Le « Tampon » et le « Basculement »
L'article met en évidence un mécanisme crucial : le secteur informel comme tampon. Dans la simulation, lorsque la Cuisine Formelle rétrécit (à cause du Robot Remplaçant), la Cuisine Informelle absorbe instantanément les travailleurs supplémentaires. C'est comme une éponge qui absorbe un déversement.

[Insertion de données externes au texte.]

lemma generate_subset_teichmuller_monomial:
  assumes "w \<in> {0..<p ^ k}" "teichmuller w"
  shows "generate (SL2 (p ^ k)) (Pgrp p k \<union> Qgens (p ^ k) w) \<subseteq> teichmuller_monomial"
proof (rule group.generate_subgroup_incl[OF group_SL2[OF power_k_gt_1] _ subgroup_teichmuller_monomial])
  show "Pgrp p k \<union> Qgens (p ^ k) w \<subseteq> teichmuller_monomial"
    using Qgens_subset_teichmuller_monomial[OF assms] Pgrp_subset_teichmuller_diagonal
    by (auto simp: teichmuller_monomial_def)
qed

lemma teichmuller_monomial_inter_congruence_subgroup_1:
  "teichmuller_monomial \<inter> congruence_subgroup 1 \<subseteq> Pgrp p k"
proof
  fix x assume x: "x \<in> teichmuller_monomial \<inter> congruence_subgroup 1"
  obtain a b c d where abcd: "x = (a, b, c, d)"
    by (cases x)
  with x have K: "[a = 1] (mod p)" "[d = 1] (mod p)" and carrier: "x \<in> carrier (SL2 (p ^ k))"
    by (auto simp: mem_congruence_subgroup)
  have "x \<notin> teichmuller_antidiagonal"
  proof
    assume "x \<in> teichmuller_antidiagonal"
    then have "p dvd a"
      using p_dvd_q abcd by (auto simp: teichmuller_antidiagonal_def intro: dvd_trans)
    with K(1) show False
      using p_gt_1 by (auto simp: cong_def)
  qed
  with x abcd have diag: "teichmuller a" "teichmuller d" "q dvd b" "q dvd c"
    by (auto simp: teichmuller_monomial_def teichmuller_diagonal_def)
  have range: "a \<in> {0..<p ^ k}" "b \<in> {0..<p ^ k}" "c \<in> {0..<p ^ k}" "d \<in> {0..<p ^ k}"
    using carrier abcd by (auto simp: carrier_SL2)
  obtain u v where "b = q * u" "c = q * v"
    using diag(3,4) by (meson dvdE)
  moreover from this have "u \<in> {0..<p}" "v \<in> {0..<p}"
    using range(2,3) q_pos unfolding power_k_eq by (auto simp: zero_le_mult_iff)
  moreover have "a = 1" "d = 1"
    using teichmuller_cong_1_imp_eq_1 diag(1,2) K range(1,4) by auto
  ultimately show "x \<in> Pgrp p k"
    using abcd by (auto simp: Pgrp_eq P_elem_def)
qed

lemma centre_cosets_generate_inter_congruence_subgroup_1:
  assumes "w \<in> {0..<p ^ k}" "teichmuller w"
  defines "coset \<equiv> \<lambda>g. centre_pm (p ^ k) #>\<^bsub>SL2 (p ^ k)\<^esub> g"
  shows "coset ` generate (SL2 (p ^ k)) (Pgrp p k \<union> Qgens (p ^ k) w) \<inter> coset ` congruence_subgroup 1
    = coset ` Pgrp p k"
proof (intro equalityI subsetI)
  fix C assume "C \<in> coset ` generate (SL2 (p ^ k)) (Pgrp p k \<union> Qgens (p ^ k) w) \<inter> coset ` congruence_subgroup 1"
  then obtain g h where g: "g \<in> generate (SL2 (p ^ k)) (Pgrp p k \<union> Qgens (p ^ k) w)"
    and h: "h \<in> congruence_subgroup 1" and C: "C = coset g" "C = coset h"
    by blast
  interpret SL2: group "SL2 (p ^ k)"
    using group_SL2[OF power_k_gt_1] .
  have centre: "subgroup (centre_pm (p ^ k)) (SL2 (p ^ k))"
    using normal_centre_pm[OF power_k_gt_1] by (rule normal_imp_subgroup)
  have "h \<in> carrier (SL2 (p ^ k))"
    using h congruence_subgroup_subset_carrier by blast
  then have "h \<in> coset g"
    using SL2.rcos_self[OF _ centre] C by (metis coset_def)
  then obtain z where z: "z \<in> centre_pm (p ^ k)" and hzg: "h = z \<otimes>\<^bsub>SL2 (p ^ k)\<^esub> g"
    unfolding coset_def r_coset_def by blast
  have "z \<in> teichmuller_monomial" "g \<in> teichmuller_monomial"
    using z g generate_subset_teichmuller_monomial[OF assms(1,2)] centre_subset_teichmuller_diagonal
    by (auto simp: teichmuller_monomial_def)
  then have "h \<in> teichmuller_monomial"
    unfolding hzg by (rule subgroup.m_closed[OF subgroup_teichmuller_monomial])
  with h have "h \<in> Pgrp p k"
    using teichmuller_monomial_inter_congruence_subgroup_1 by blast
  with C show "C \<in> coset ` Pgrp p k"
    by blast
next
  fix C assume "C \<in> coset ` Pgrp p k"
  moreover have "Pgrp p k \<subseteq> generate (SL2 (p ^ k)) (Pgrp p k \<union> Qgens (p ^ k) w)"
    by (auto intro: generate.incl)
  ultimately show "C \<in> coset ` generate (SL2 (p ^ k)) (Pgrp p k \<union> Qgens (p ^ k) w) \<inter> coset ` congruence_subgroup 1"
    using Pgrp_subset_congruence_subgroup_1 by blast
qed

Les auteurs montrent que ce tampon est vital pour empêcher l'économie de s'effondrer, même si cela signifie que plus de personnes travaillent sans avantages sociaux.
Cependant, l'article prévient également que le « basculement » entre ces deux mondes n'est pas toujours évident. Les auteurs ont mené des simulations montrant que le point de bascule n'est pas exactement là où on pourrait le penser. Même si les robots sont en grande partie des remplaçants, l'économie peut encore créer plus d'emplois formels si la demande de biens est suffisamment forte. Mais si les robots sont des remplaçants puissants, c'est le secteur informel qui prend le coup.

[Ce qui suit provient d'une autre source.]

(* Assume Assumption A2 and Assumption A1(p) for some $p\ge1$ (see context), and let $0<\eta_s\le\eta_{\infty,p}$ for all $s$. Then for every $t\ge1$, \[\|\rho^{\mathrm{avg}}_t\|\le\frac{\eta_t^2H_t^2}{2}\zeta_1\zeta_2,\qquad\text{where }\ \rho^{\mathrm{avg}}_t=\frac1N\sum_{c=1}^N\big(I-(I-\eta_t\bar{\mathbf A}^c)^{H_t}\big)(\theta^c_\star-\theta_\star).\]
   Context: Setting: $N$ agents, dimension $d$. For each agent $c$: distribution $\pi_c$ on $(\mathsf Z,\mathcal Z)$, measurable $\mathbf A^c:\mathsf Z\to\mathbb R^{d\times d}$, $\mathbf b^c:\mathsf Z\to\mathbb R^d$, $\bar{\mathbf A}^c=\mathbb E_{\pi_c}[\mathbf A^c(Z)]$, $\bar{\mathbf b}^c=\mathbb E_{\pi_c}[\mathbf b^c(Z)]$, $\bar{\mathbf A}=N^{-1}\sum_c\bar{\mathbf A}^c$; $\theta_\star$ solves $\bar{\mathbf A}\theta_\star=N^{-1}\sum_c\bar{\mathbf b}^c$; $\theta^c_\star$ solves $\bar{\mathbf A}^c\theta^c_\star=\bar{\mathbf b}^c$; $\varepsilon^c(z)=(\mathbf A^c(z)-\bar{\mathbf A}^c)\theta^c_\star-(\mathbf b^c(z)-\bar{\mathbf b}^c)$. Assumption A1(p): each $-\bar{\mathbf A}^c$ Hurwitz; there exist $a>0,\eta_{\infty,p}>0$, $\eta_{\infty,p}a\le1/2$, with $\mathbb E^{1/p}_{Z\sim\pi_c}[\|(I-\eta\mathbf A^c(Z))u\|^p]\le(1-\eta a)\|u\|$ for all $0<\eta<\eta_{\infty,p}$, $u$. Assumption A2: samples i.i.d. per agent and independent; $\max_c\sup_z\|\varepsilon^c(z)\|<\infty$, $\max_c\sup_z\max(\|\mathbf A^c(z)\|,\|\mathbf A^c(z)-\bar{\mathbf A}^c\|)<\infty$. $H_t\in\mathbb N$ are the local step numbers. $\zeta_1^2=N^{-1}\sum_c\|\bar{\mathbf A}^c(\theta^c_\star-\theta_\star)\|^2$, $\zeta_2^2=N^{-1}\sum_c\|\bar{\mathbf A}^c-\bar{\mathbf A}\|^2$. *)

theory Defs
  imports "HOL-Probability.Probability"
begin

definition opnorm :: "real^'d^'d \<Rightarrow> real" where
  "opnorm M = onorm (\<lambda>x. M *v x)"

fun matpow :: "real^'d^'d \<Rightarrow> nat \<Rightarrow> real^'d^'d" where
  "matpow M 0 = mat 1"
| "matpow M (Suc k) = M ** matpow M k"

definition hurwitz :: "real^'d^'d \<Rightarrow> bool" where
  "hurwitz M \<longleftrightarrow>
     (\<forall>(lam::complex) (v::complex^'d). v \<noteq> 0 \<and>
        (\<chi> i j. complex_of_real (M $ i $ j)) *v v = lam *s v \<longrightarrow> Re lam < 0)"

end

theory Submission
  imports Defs
begin

(* Each local matrix P_c = I - eta Abar_c is nonexpansive in operator norm: A1 bounds the
   L^p norm of the random step I - eta A_c(Z), which dominates the norm of its mean, and
   continuity in eta extends this from eta < eta_inf to eta = eta_inf; hence the average
   Q = I - eta Abar is nonexpansive too.  Writing I - P_c^H = sum_{k<H} P_c^k (I - P_c), the
   identity sum_c Abar_c (theta_c - theta) = 0 allows replacing P_c^k by Q^k at no cost, and
   |P_c^k - Q^k| <= k |P_c - Q| = k eta |Abar_c - Abar|.  Summing over k < H gives H^2/2, and
   Cauchy-Schwarz over the agents gives zeta_1 zeta_2. *)

lemma opnorm_mult_vec_le: "norm (M *v x) \<le> opnorm M * norm x"
  unfolding opnorm_def by (rule onorm) simp

lemma opnorm_nonneg: "0 \<le> opnorm M"
  unfolding opnorm_def by (rule onorm_pos_le) simp

lemma opnorm_le:
  fixes M :: "real^'d^'d"
  assumes "\<And>x. norm (M *v x) \<le> b * norm x"
  shows "opnorm M \<le> b"
  unfolding opnorm_def by (rule onorm_le) (rule assms)

lemma opnorm_mat_1_le: "opnorm (mat 1 :: real^'d^'d) \<le> 1"
  by (rule opnorm_le) simp

lemma opnorm_matrix_mult_le: "opnorm (M ** M') \<le> opnorm M * opnorm M'"
proof (rule opnorm_le)
  fix x
  have "norm ((M ** M') *v x) \<le> opnorm M * norm (M' *v x)"
    by (simp add: matrix_vector_mul_assoc[symmetric] opnorm_mult_vec_le)
  also have "\<dots> \<le> opnorm M * (opnorm M' * norm x)"
    by (intro mult_left_mono opnorm_mult_vec_le opnorm_nonneg)
  finally show "norm ((M ** M') *v x) \<le> opnorm M * opnorm M' * norm x"
    by (simp add: mult.assoc)
qed

lemma opnorm_add_le: "opnorm (M + M') \<le> opnorm M + opnorm M'"
proof (rule opnorm_le)
  fix x
  have "norm ((M + M') *v x) \<le> norm (M *v x) + norm (M' *v x)"
    by (simp add: matrix_vector_mult_add_rdistrib norm_triangle_ineq)
  also have "\<dots> \<le> (opnorm M + opnorm M') * norm x"
    using opnorm_mult_vec_le[of M x] opnorm_mult_vec_le[of M' x] by (simp add: distrib_right)
  finally show "norm ((M + M') *v x) \<le> (opnorm M + opnorm M') * norm x" .
qed

lemma opnorm_scaleR: "opnorm (r *\<^sub>R M) = \<bar>r\<bar> * opnorm M"
proof -
  have "(\<lambda>x. (r *\<^sub>R M) *v x) = (\<lambda>x. r *\<^sub>R (M *v x))"
    by (simp add: scaleR_matrix_vector_assoc)
  then show ?thesis
    unfolding opnorm_def by (simp add: onorm_scaleR)
qed

lemma opnorm_minus_commute: "opnorm (M - M') = opnorm (M' - M)"
proof -
  have "(\<lambda>x. (M - M') *v x) = (\<lambda>x. - ((M' - M) *v x))"
    by (simp add: matrix_vector_mult_diff_rdistrib)
  then show ?thesis
    unfolding opnorm_def by (simp add: onorm_neg)
qed

lemma matrix_vector_mult_sum_left: "sum M S *v x = (\<Sum>s\<in>S. M s *v x)"
  by (induction S rule: infinite_finite_induct) (simp_all add: matrix_vector_mult_add_rdistrib)

lemma opnorm_sum_le:
  assumes "finite S"
  shows "opnorm (sum M S) \<le> (\<Sum>s\<in>S. opnorm (M s))"
  using onorm_sum[OF assms, of "\<lambda>s x. M s *v x"]
  by (simp add: opnorm_def matrix_vector_mult_sum_left)

lemma norm_matrix_le_opnorm:
  fixes M :: "real^'d^'d"
  shows "norm M \<le> real CARD('d) * real CARD('d) * opnorm M"
proof -
  have "norm M \<le> (\<Sum>i\<in>UNIV. norm (M $ i))"
    by (simp add: norm_vec_def L2_set_le_sum)
  also have "\<dots> \<le> (\<Sum>i\<in>(UNIV::'d set). \<Sum>j\<in>(UNIV::'d set). opnorm M)"
    unfolding opnorm_def
    by (intro sum_mono order_trans[OF norm_le_l1_cart] matrix_component_le_onorm)
  finally show ?thesis by simp
qed

lemma opnorm_matpow_le_1:
  assumes "opnorm P \<le> 1"
  shows "opnorm (matpow P k) \<le> 1"
proof (induction k)
  case 0
  then show ?case by (simp add: opnorm_mat_1_le)
next
  case (Suc k)
  have "opnorm (P ** matpow P k) \<le> opnorm P * opnorm (matpow P k)"
    by (rule opnorm_matrix_mult_le)
  also have "\<dots> \<le> 1"
    using mult_le_one[OF assms opnorm_nonneg Suc.IH] .
  finally show ?case by simp
qed

lemma matpow_Suc_diff:
  "matpow P (Suc k) - matpow Q (Suc k) = P ** (matpow P k - matpow Q k) + (P - Q) ** matpow Q k"
  unfolding matrix_eq
  by (simp add: matrix_vector_mul_assoc[symmetric] matrix_vector_mult_diff_distrib
      matrix_vector_mult_diff_rdistrib matrix_vector_mult_add_rdistrib)

lemma opnorm_matpow_diff_le:
  assumes P: "opnorm P \<le> 1" and Q: "opnorm Q \<le> 1"
  shows "opnorm (matpow P k - matpow Q k) \<le> real k * opnorm (P - Q)"
proof (induction k)
  case 0
  then show ?case by (simp add: opnorm_def onorm_zero)
next
  case (Suc k)
  have "opnorm (matpow P (Suc k) - matpow Q (Suc k))
      \<le> opnorm P * opnorm (matpow P k - matpow Q k) + opnorm (P - Q) * opnorm (matpow Q k)"
    unfolding matpow_Suc_diff
    by (intro order_trans[OF opnorm_add_le] add_mono opnorm_matrix_mult_le)
  also have "\<dots> \<le> 1 * (real k * opnorm (P - Q)) + opnorm (P - Q) * 1"
    using P Suc.IH opnorm_matpow_le_1[OF Q, of k] opnorm_nonneg
    by (intro add_mono mult_mono) auto
  finally show ?case by (simp add: algebra_simps)
qed

lemma mat_1_minus_matpow_mult_vec:
  "(mat 1 - matpow P h) *v w = (\<Sum>k<h. matpow P k *v ((mat 1 - P) *v w))"
proof (induction h)
  case 0
  then show ?case by simp
next
  case (Suc h)
  have "(mat 1 - matpow P (Suc h)) *v w = (mat 1 - P) *v w + P *v ((mat 1 - matpow P h) *v w)"
    by (simp add: matrix_vector_mult_diff_rdistrib matrix_vector_mult_diff_distrib matrix_vector_mul_assoc)
  also have "\<dots> = (\<Sum>k<Suc h. matpow P k *v ((mat 1 - P) *v w))"
    unfolding Suc.IH sum.lessThan_Suc_shift
    by (simp add: linear_sum[OF matrix_vector_mul_linear] matrix_vector_mul_assoc matrix_mul_assoc)
  finally show ?case .
qed

lemma sum_lessThan_of_nat_le: "(\<Sum>k<h. real k) \<le> (real h)\<^sup>2 / 2"
  by (induction h) (simp_all add: power2_eq_square field_simps)

lemma norm_sum_matpow_diff_le:
  assumes "opnorm P \<le> 1" "opnorm Q \<le> 1"
  shows "norm (\<Sum>k<h. (matpow P k - matpow Q k) *v v) \<le> (real h)\<^sup>2 / 2 * opnorm (P - Q) * norm v"
proof -
  have "norm (\<Sum>k<h. (matpow P k - matpow Q k) *v v) \<le> (\<Sum>k<h. opnorm (matpow P k - matpow Q k) * norm v)"
    by (intro order_trans[OF norm_sum] sum_mono opnorm_mult_vec_le)
  also have "\<dots> \<le> (\<Sum>k<h. real k * opnorm (P - Q) * norm v)"
    by (intro sum_mono mult_right_mono opnorm_matpow_diff_le assms) simp
  also have "\<dots> = (\<Sum>k<h. real k) * (opnorm (P - Q) * norm v)"
    by (simp add: sum_distrib_right mult.assoc)
  also have "\<dots> \<le> (real h)\<^sup>2 / 2 * (opnorm (P - Q) * norm v)"
    by (intro mult_right_mono sum_lessThan_of_nat_le) (simp add: opnorm_nonneg)
  finally show ?thesis by (simp add: mult.assoc)
qed

lemma Youngs_inequality_unit:
  fixes s p :: real
  assumes "0 \<le> s" "1 \<le> p"
  shows "s \<le> s powr p / p + (1 - 1 / p)"
proof (cases "s = 0")
  case True
  then show ?thesis using assms by (simp add: field_simps)
next
  case False
  then have "(s powr p) powr (1 / p) * 1 powr (1 - 1 / p) \<le> (1 / p) * s powr p + (1 - 1 / p) * 1"
    using assms by (intro Youngs_inequality_0) auto
  then show ?thesis
    using assms by (simp add: powr_powr)
qed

Ce que l'article écarte et ce qu'il n'est pas
Il est important de savoir ce que cet article ne dit pas.
- Il ne dit pas que l'IA va définitivement détruire des emplois. L'article écarte explicitement l'idée qu'une IA moins chère conduit toujours au chômage. Il montre que si l'IA aide les humains (complémentarité), les emplois peuvent en réalité augmenter.
- Il ne dit pas que le secteur informel est « mauvais » sur le plan moral. Le modèle traite le secteur informel comme une fonction économique nécessaire qui stabilise l'économie lors des chocs.
- Il ne prouve pas ces résultats dans le monde réel pour le moment. Les auteurs précisent avec prudence qu'il s'agit de résultats de simulation. Ils ont construit un modèle mathématique et l'ont fait tourner sur un ordinateur. Ils n'ont pas encore mesuré le monde réel pour voir quel scénario (substitution ou complémentarité) se produit réellement en ce moment en Amérique latine. Ils suggent que la réponse dépend d'un chiffre spécifique (l'élasticité de substitution) que les décideurs politiques doivent mesurer avec soin.
Les enseignements pour les décideurs politiques
L'article se conclut par un avertissement à la fois ludique et sérieux pour les dirigeants. Puisque le résultat dépend de savoir si l'IA est un « partenaire » ou un « remplaçant », la solution dépend de la connaissance de sa nature.
- Si l'IA est un remplaçant, le gouvernement doit construire un filet de sécurité plus solide pour rattraper ceux qui tombent de la Cuisine Formelle.
- Si l'IA est un partenaire, le gouvernement doit se concentrer sur la formation des travailleurs pour qu'ils soient de meilleurs partenaires pour les robots, afin que la Cuisine Formelle puisse croître encore davantage.
Les auteurs suggèrent que la chose la plus importante qu'un pays puisse faire est de déterminer la « personnalité » de l'IA dans ses industries spécifiques. S'ils se trompent, ils pourraient essayer de protéger les travailleurs contre une menace qui n'existe pas, ou échouer à les protéger d'une menace bien réelle. En fin de compte, l'article montre que l'avenir du travail n'est pas écrit dans le marbre ; il dépend de la manière dont nous choisissons d'associer nos compétences humaines à nos nouveaux outils numériques.